I write a dumb blog. The syntax of this statement is purposefully atrocious, but I embrace the grammatical horror with the same warmth that I embrace the concept of this blog itself. You see, even though I may want to be a writer, this blog does exemplify the merits (or even highlight the goals) of that desire. It instead serves a completely different function in my life: I tend to write compulsively, with constant ebb and flow throughout my day of work, emailing friends, or arguing sports, or posting lame observations. And rarely, if ever, is it because I want to tell people things. It is because the mere act is wholly satisfying. There is conversation going on constantly inside my head, one that seems of grave importance, but usually being about nothing more superfluous than surprising aptness of certain films or the lacking qualities of certain people. But if I do not share these things, they are somehow lost. An argument inside my head is nowhere for it to live. It should breath. It should be expressed and crafted. And maybe if it is lucky it should be ever so lucky as to be read by a single eyeball; because inherently the passing thoughts and notions inside one’s head are horribly lonesome things.
It’s not an alien notion. It is why people with absolutely no writing talent blog in various forms and why they share the most menial and useless details of their lives. The motive is not different from the most eloquent thoughts an essays of some of our great writers. When they think, or wonder, or develop a passing material fancy then one simply wants to feel like someone is coming with them. This is not to say this exercise is sad or pathetic, but just ultimately necessary. We tend to chastise those who share every detail of their lives as conversely having “no life” or probably lacking someone to share it with, but I find that to be a false appraisal. I have a wonderful significant other with which I share my life and hope to til the end of our days, but quite honestly, if I were to assault her with the daily pointless musings on “stuff” that pass through my head with alarming regularity, she would have long since obtained, loaded, and fired a shotgun directly into my person. And it would be wholly justified. Our significant others are there to enjoy the wonderful quiet and happy moments of our lives, not to listen to our needless crap, be our punching bags, or let us blow off steam. They are to be cherished. And so I write a dumb blog to bring people through the inherently lonesome and terrifying journey of trying to figure “stuff” out. Which I admit, makes it all the more strange that most of my arguments and theories are wholly declarative in nature. If I was really wondering or entertaining notions my blog would be far more nebulous and obtuse. It often reflects a cocksuredness that is completely absent from my actual mental dialogue.

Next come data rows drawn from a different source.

lemma lin_impact_candidates_eq:
  assumes W: "sq_int M W"
  defines "c w \<equiv> W w - expectation W"
  shows "(\<lambda>(a, b). \<integral>w. Z w * (a + b * W w) \<partial>M) `
      {(a, b). (\<integral>w. a + b * W w \<partial>M) = 0 \<and> (\<integral>w. (a + b * W w)^2 \<partial>M) = 1}
    = {b * (\<integral>w. Z w * c w \<partial>M) | b. b^2 * (\<integral>w. (c w)^2 \<partial>M) = 1}"
    (is "?lhs = ?rhs")
proof -
  have mean: "(\<integral>w. a + b * W w \<partial>M) = a + b * expectation W" for a b
    using sq_int_integrable[OF W] by (simp add: prob_space)
  have scaled: "(\<integral>w. Z w * (b * c w) \<partial>M) = b * (\<integral>w. Z w * c w \<partial>M)"
    "(\<integral>w. (b * c w)^2 \<partial>M) = b^2 * (\<integral>w. (c w)^2 \<partial>M)" for b
    by (simp_all add: mult.left_commute power_mult_distrib)
  show ?thesis
  proof (intro equalityI subsetI)
    fix x
    assume "x \<in> ?lhs"
    then obtain a b where ab: "(\<integral>w. a + b * W w \<partial>M) = 0" "(\<integral>w. (a + b * W w)^2 \<partial>M) = 1"
        and x: "x = (\<integral>w. Z w * (a + b * W w) \<partial>M)"
      by auto
    from ab(1) have "a + b * W w = b * c w" for w
      unfolding mean c_def by (simp add: algebra_simps)
    with ab(2) x have "x = b * (\<integral>w. Z w * c w \<partial>M)" "b^2 * (\<integral>w. (c w)^2 \<partial>M) = 1"
      by (simp_all only: scaled)
    then show "x \<in> ?rhs"
      by blast
  next
    fix x
    assume "x \<in> ?rhs"
    then obtain b where b: "x = b * (\<integral>w. Z w * c w \<partial>M)" "b^2 * (\<integral>w. (c w)^2 \<partial>M) = 1"
      by blast
    have centred: "- b * expectation W + b * W w = b * c w" for w
      by (simp add: c_def algebra_simps)
    have "(\<integral>w. - b * expectation W + b * W w \<partial>M) = 0"
      unfolding mean by simp
    moreover have "(\<integral>w. (- b * expectation W + b * W w)^2 \<partial>M) = 1"
      "x = (\<integral>w. Z w * (- b * expectation W + b * W w) \<partial>M)"
      using b by (simp_all only: centred scaled)
    ultimately show "x \<in> ?lhs"
      by (intro image_eqI[where x = "(- b * expectation W, b)"]) auto
  qed
qed

lemma lin_impact_eq_abs_cov_div_sd:
  assumes "sq_int M W" "0 < (\<integral>w. (W w - expectation W)^2 \<partial>M)"
  shows "lin_impact M W Z
    = \<bar>\<integral>w. Z w * (W w - expectation W) \<partial>M\<bar> / sqrt (\<integral>w. (W w - expectation W)^2 \<partial>M)"
  unfolding lin_impact_def lin_impact_candidates_eq[OF assms(1)]
  using assms(2) by (rule Sup_scaled_eq_abs_div_sqrt)

end

context prob_space
begin
definition has_induced_square :: "'a set \<Rightarrow> ('a \<Rightarrow> 'a \<Rightarrow> bool) \<Rightarrow> bool" where
  "has_induced_square V E \<longleftrightarrow> (\<exists>a\<in>V. \<exists>b\<in>V. \<exists>c\<in>V. \<exists>d\<in>V.
      distinct [a, b, c, d] \<and> E a b \<and> E b c \<and> E c d \<and> E d a \<and> \<not> E a c \<and> \<not> E b d)"

end

theory Submission
  imports Defs "HOL-Algebra.Algebraic_Closure_Type"
begin

text \<open>Suppose \<open>\<Gamma>\<close> contains an induced square \<open>a, b, c, e\<close> (with \<open>a, c\<close> and \<open>b, e\<close> non-adjacent) and
  \<open>R(\<Gamma>)\<close> embeds in \<open>GL(d, F)\<close> with \<open>d \<le> 3\<close>; pass to \<open>3 \<times> 3\<close> matrices over the algebraic closure.
  The images \<open>X\<^sub>1, X\<^sub>2\<close> of \<open>a, c\<close> commute with the images \<open>Y\<^sub>1, Y\<^sub>2\<close> of \<open>b, e\<close>, while neither pair
  commutes. Triangularising \<open>X\<^sub>1\<close>, either its centralizer is abelian (impossible, it contains
  \<open>Y\<^sub>1, Y\<^sub>2\<close>), or \<open>X\<^sub>1\<close> is a scalar plus a rank-one matrix \<open>u w\<^sup>T\<close>; then the common centralizer of
  \<open>X\<^sub>1\<close> and \<open>X\<^sub>2\<close> preserves a flag, so \<open>Y\<^sub>1, Y\<^sub>2\<close> are simultaneously upper triangular.
  Commutators of upper triangular matrices are unitriangular, and commutators of those are central
  among unitriangular matrices, so \<open>Y\<^sub>1, Y\<^sub>2\<close> satisfy the law
  \<open>[[[y\<^sub>1, y\<^sub>2], [y\<^sub>1\<inverse>, y\<^sub>2]], [y\<^sub>1, y\<^sub>2\<inverse>]] = 1\<close>. But in \<open>R(\<Gamma>)\<close> the generators \<open>b, e\<close> violate it:
  map them to Sanov's free generators \<open>[[1,2],[0,1]]\<close>, \<open>[[1,0],[2,1]]\<close> and all other generators to
  \<open>1\<close>.\<close>

section \<open>Commutators in monoids\<close>

lemma mult_inverse_cancel_left:
  fixes x :: "'a::monoid_mult"
  shows "x * y = 1 \<Longrightarrow> x * (y * z) = z"
  by (simp flip: mult.assoc)

lemma inverse_pair_mult:
  fixes P :: "'a::monoid_mult"
  shows "P * Q = 1 \<Longrightarrow> P' * Q' = 1 \<Longrightarrow> (P * P') * (Q' * Q) = 1"
  by (simp add: mult.assoc mult_inverse_cancel_left)

lemma conj_mult:
  fixes P :: "'a::monoid_mult"
  shows "P * Q = 1 \<Longrightarrow> Q * A * P * (Q * B * P) = Q * (A * B) * P"
  by (simp add: mult.assoc mult_inverse_cancel_left)

lemma conj_eq_iff:
  fixes P :: "'a::monoid_mult"
  assumes "P * Q = 1"
  shows "Q * A * P = Q * B * P \<longleftrightarrow> A = B"
proof
  assume "Q * A * P = Q * B * P"
  then have "P * (Q * A * P) * Q = P * (Q * B * P) * Q" by simp
  with assms show "A = B" by (simp add: mult.assoc mult_inverse_cancel_left)
qed simp

text \<open>The primed arguments stand for the inverses: the law is
  \<open>[[[y\<^sub>1, y\<^sub>2], [y\<^sub>1\<inverse>, y\<^sub>2]], [y\<^sub>1, y\<^sub>2\<inverse>]] = 1\<close>,
  written for an arbitrary multiplication so that it applies to words and to matrices alike.\<close>

definition commutator :: "('b \<Rightarrow> 'b \<Rightarrow> 'b) \<Rightarrow> 'b \<Rightarrow> 'b \<Rightarrow> 'b \<Rightarrow> 'b \<Rightarrow> 'b" where
  "commutator mul x y x' y' = mul x (mul y (mul x' y'))"

definition triangular_law :: "('b \<Rightarrow> 'b \<Rightarrow> 'b) \<Rightarrow> 'b \<Rightarrow> 'b \<Rightarrow> 'b \<Rightarrow> 'b \<Rightarrow> 'b" where
  "triangular_law mul y1 y1' y2 y2' =
     (let c = commutator mul;
          k = c (c y1 y2 y1' y2') (c y1' y2 y1 y2') (c y2 y1 y2' y1') (c y2 y1' y2' y1);
          k' = c (c y1' y2 y1 y2') (c y1 y2 y1' y2') (c y2 y1' y2' y1) (c y2 y1 y2' y1')
      in c k (c y1 y2' y1' y2) k' (c y2' y1 y2 y1'))"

And such is a function of my own limitations.
And they are limited. I truly consider the quality of this blog to be substandard. I often rush out posts with one menial edit simply because it makes no sense spending infinite amounts of time crafting some thoughts that are wholly disposable. Which is not to say the thought or reasoning behind them is invalid, or that I’m not proud of some posts (the feminism one is rambling but I actually thing stands as pretty insightful. It certainly gets the most attention and emails to me). But I wholly assure you that all my best work sits in the litany of unfinished drafts that seem to outnumber the posts I already have on here. Mega Part 2’s that were promised, detailed analysis of tax policies, and the logical fallacies of a sub-standard health care system. It’s all my best work, yet all hopelessly half done and untimely (posts with some perceptive 2008 election coverage anyone?).
But the ultimate point is this: this blog is going to change. It’s going to become even more obtuse and superfluous. But only because I’ve already started, and going to start another blog which will be far more serious and professional in its aims.
The first blog which has already started is called www.foodilikeandfoodidontlike.wordpress.com and it evaluates food, restaurants, and culinary philosophy with far more seriousness than is often found in there. I hope to make it informative and fun, but wholly admit it’s core audience will be foodies and those with mild food curiosity.
The second blog is going to something else entirely. Devoid of gimmick or pomp, there will be actual, serious journalism comprised of interviews, profiles, and long form non-trivial essays. And I’m determined to make it actually good.
I will continue to post on stuffilike for sure. And I hope it will be entertaining. For example, I’m currently planning a long reoccurring series about sexual icons of yesterday and today and why there has to be a way to talk about them with an apt social and totally-non-sexist context.
So why talk about this? Is it really important to announce a paradigm shift in philosophy for a stupid blog? Well sort of, because this blog is surprisingly popular. Not mega popular “did you hear about it on so and so?” kind of of way, but in the way that I have a decent amount of actual readers who are not my family (or even friends!) and hundreds of people coming in the form of float-in-traffic every day (side-note: the search engine terms people use to find this blog are absolutely fucking hilarious). And I really do appreciate those who take the time to read. I truly do.
So I just wanted to give a heads up. Hope to keep seeing you.